The project, dubbed the Media Combinator, is an effort to bridge the persistent gap between Silicon Valley and Madison Avenue, which continues to hinder the development of new forms of advertising and marketing. As the technology and advertising worlds continue to collide, their mind-sets and mores remain worlds apart. In Silicon Valley, the engineer is king, the focus is on usability and utility, problems are often solved by math. Madison Avenue, while a far cry from its Mad Men heyday, continues to be a relationship business, specializing in building brands through emotion-fueled creativity.
"We realized we speak different languages," said Brian Monahan, social media lead at Universal McCann, who conceived of the Media Combinator after seeing many misconceptions of advertising among startups. "They don't understand our process. Our folks often don't have the time to understand their value proposition."

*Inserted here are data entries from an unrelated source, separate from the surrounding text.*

(* Let $G=(V,E,W)$ be a finite connected weighted graph and let $\sigma$ be an inconsistent $d$-dimensional signature on $G$. Let $\rho$ denote the nullity of the connection Laplacian $\mathcal{L}^\sigma$. Then there exists a $(d-\rho)$-dimensional signature $\tau$ on $G$ such that $\mathcal{L}^\tau$ is invertible and $$\sigma\cong \Big(\bigoplus_{i=1}^{\rho}\iota^1\Big)\oplus\tau .$$
   Context: $G=(V,E,W)$: $V=\{1,\dots,n\}$, $E$ a set of undirected edges without loops or multiple edges, symmetric weights $w_{ij}>0$ iff $\{i,j\}\in E$, $\deg(i)=\sum_{j\sim i}w_{ij}$. The oriented edges are $E^{\mathrm{or}}=\{(i,j),(j,i):\{i,j\}\in E\}$. A $d$-dimensional signature is a map $\sigma:E^{\mathrm{or}}\to\mathsf{O}(d)$ with $\sigma_{ji}=\sigma_{ij}^{-1}=\sigma_{ij}^{\mathrm T}$. Its connection Laplacian $\mathcal{L}^\sigma$ is the $nd\times nd$ block matrix with $d\times d$ blocks $\mathcal{L}_{ii}=\deg(i)I_d$, $\mathcal{L}_{ij}=-w_{ij}\sigma_{ij}$ if $i\sim j$, and $0$ otherwise. $\sigma$ is consistent if the product of $\sigma$ along every directed cycle is $I_d$, and inconsistent otherwise. Two $d$-dimensional signatures satisfy $\sigma\cong\tau$ (switching equivalence) if there is $f:V\to\mathsf{O}(d)$ with $f(i)\sigma_{ij}=\tau_{ij}f(j)$ for all $(i,j)\in E^{\mathrm{or}}$. For a $d$-dimensional signature $\sigma$ and a $d'$-dimensional signature $\sigma'$, the direct sum is $(\sigma\oplus\sigma')_{ij}=\begin{bmatrix}\sigma_{ij}&0\\0&\sigma'_{ij}\end{bmatrix}$. $\iota^1$ denotes the $1$-dimensional signature identically equal to $1$. *)

theory Defs
  imports "Jordan_Normal_Form.Matrix_Kernel"
begin

text \<open>Weighted graph on the vertex set {0..<n} (the paper's {1..n}, shifted),
  given by a weight function w; {i,j} is an edge iff w i j > 0.\<close>

definition weighted_graph :: "nat \<Rightarrow> (nat \<Rightarrow> nat \<Rightarrow> real) \<Rightarrow> bool" where
  "weighted_graph n w \<longleftrightarrow>
     (\<forall>i<n. \<forall>j<n. w i j = w j i \<and> w i j \<ge> 0) \<and> (\<forall>i<n. w i i = 0)"

definition adj :: "nat \<Rightarrow> (nat \<Rightarrow> nat \<Rightarrow> real) \<Rightarrow> nat \<Rightarrow> nat \<Rightarrow> bool" where
  "adj n w i j \<longleftrightarrow> i < n \<and> j < n \<and> w i j > 0"
text \<open>Properly 2-color \<open>j\<close>-subsets of the edges, giving \<open>x\<close> the color \<open>True\<close>, and fill up
  the color class of \<open>x\<close> with balls outside these subsets.\<close>
lemma exists_splitting_set:
  assumes "finite E" "\<forall>e\<in>E. e \<subseteq> {1..n} \<and> j \<le> card e" "card E < mB j" "x \<in> {1..n}"
    "j * card E < t" "t + j * card E < n"
  obtains A where "A \<subseteq> {1..n}" "card A = t" "x \<in> A" "\<forall>e\<in>E. gm_ans (\<lambda>i. i \<in> A) e"
proof -
  have "\<forall>e\<in>E. \<exists>e'. e' \<subseteq> e \<and> card e' = j"
    using assms(2) by (meson obtain_subset_with_card_n)
  then obtain sel where sel: "\<And>e. e \<in> E \<Longrightarrow> sel e \<subseteq> e \<and> card (sel e) = j"
    by metis
  have card_sel: "card (sel ` E) \<le> card E"
    using assms(1) card_image_le by blast
  obtain d where d: "d x" "\<forall>e\<in>sel ` E. gm_ans d e"
    using exists_proper_coloring[of "sel ` E" j] sel card_sel assms(1,3) by auto
  define V where "V = insert x (\<Union> (sel ` E))"
  have "V \<subseteq> {1..n}"
    unfolding V_def using sel assms(2,4) by blast
  have "card (\<Union> (sel ` E)) \<le> (\<Sum>e\<in>sel ` E. card e)"
    by (rule card_Union_le_sum_card)
  also have "\<dots> = (\<Sum>e\<in>sel ` E. j)"
    using sel by (intro sum.cong) auto
  also have "\<dots> \<le> j * card E"
    using card_sel by simp
  finally have "card V \<le> j * card E + 1"
    using finite_subset[OF \<open>V \<subseteq> {1..n}\<close>] unfolding V_def by (simp add: card_insert_if)
  then have "card V \<le> t" "t + card V \<le> card {1..n}"
    using assms(5,6) by simp_all
  then obtain A where A: "A \<subseteq> {1..n}" "card A = t" "A \<inter> V = {i \<in> V. d i}"
    using exists_subset_with_trace[OF finite_atLeastAtMost Collect_restrict \<open>V \<subseteq> {1..n}\<close>] by blast
  have on_V: "(i \<in> A) = d i" if "i \<in> V" for i
    using A(3) that by blast
  have "gm_ans (\<lambda>i. i \<in> A) e" if "e \<in> E" for e
  proof -
    have "gm_ans (\<lambda>i. i \<in> A) (sel e)"
      using d(2) that gm_ans_cong[of "sel e" "\<lambda>i. i \<in> A" d] on_V unfolding V_def by blast
    then show ?thesis
      using gm_ans_mono[of _ "sel e" e] sel[OF that] by blast
  qed
  moreover have "x \<in> A"
    using on_V d(1) unfolding V_def by blast
  ultimately show thesis
    using that A(1,2) by blast
qed

lemma sum_query_degree_le:
  assumes "valid_strategy n k Qs"
  shows "(\<Sum>x\<in>{1..n}. query_degree Qs x) \<le> k * length Qs"
proof -
  have "(\<Sum>x\<in>{1..n}. query_degree Qs x) = (\<Sum>Q\<in>set Qs. k)"
    unfolding query_degree_def
  proof (rule sum_multicount_gen)
    show "\<forall>Q\<in>set Qs. card {x \<in> {1..n}. x \<in> Q} = k"
    proof
      fix Q
      assume "Q \<in> set Qs"
      then have "Q \<subseteq> {1..n}" "card Q = k"
        using assms unfolding valid_strategy_def by auto
      moreover have "{x \<in> {1..n}. x \<in> Q} = Q"
        using calculation by auto
      ultimately show "card {x \<in> {1..n}. x \<in> Q} = k"
        by simp
    qed
  qed auto
  also have "\<dots> \<le> k * length Qs"
    by (simp add: card_length)
  finally show ?thesis .
qed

This divide is probably best exemplified by Google, the undisputed star and idol of Silicon Valley. Despite selling billions of dollars in advertising, Google continues to insist that it is not a media company. Many on Madison Avenue still don't know what to make of Google, which at times steps on the toes of its agency partners by going directly to clients and presenting its products in a take-it-or-leave-it manner.
The goal for many Web 2.0 firms is to build the next Google. Some see whiffs of Google behavior in Silicon Valley's current darling, Facebook. CEO Mark Zuckerberg arrived on Madison Avenue a year ago to brashly proclaim, "Once every 100 years media changes." Agency executives chuckled at his hubris, while a centerpiece of Facebook's effort, Beacon, fell flat under privacy concerns over streaming updates of people's activities on other sites to their friends.
"That was an engineer who created an advertising model and it fundamentally didn't work," said Cory Treffiletti, president at Catalyst SF, a San Francisco firm that works with startups on ad strategies.
The view from Silicon Valley is Madison Avenue can still be slow-moving, often inefficient and stuck in old ways of doing business. Agency business models tend to compensate them not for strategy. "They don't have the time to sit and think about all these new platforms," Treffiletti said. This is most evident in agencies insisting on scale when making media buys. The result can be seen in the Interactive Advertising Bureau's ad spending figures, which show the top 10 Web properties getting 69 percent of online ad spending in 2007, even as consumers spend more of their time on specialized destinations and services. If new opportunities don't fit on a media planner's spreadsheet, chances are they'll get passed over.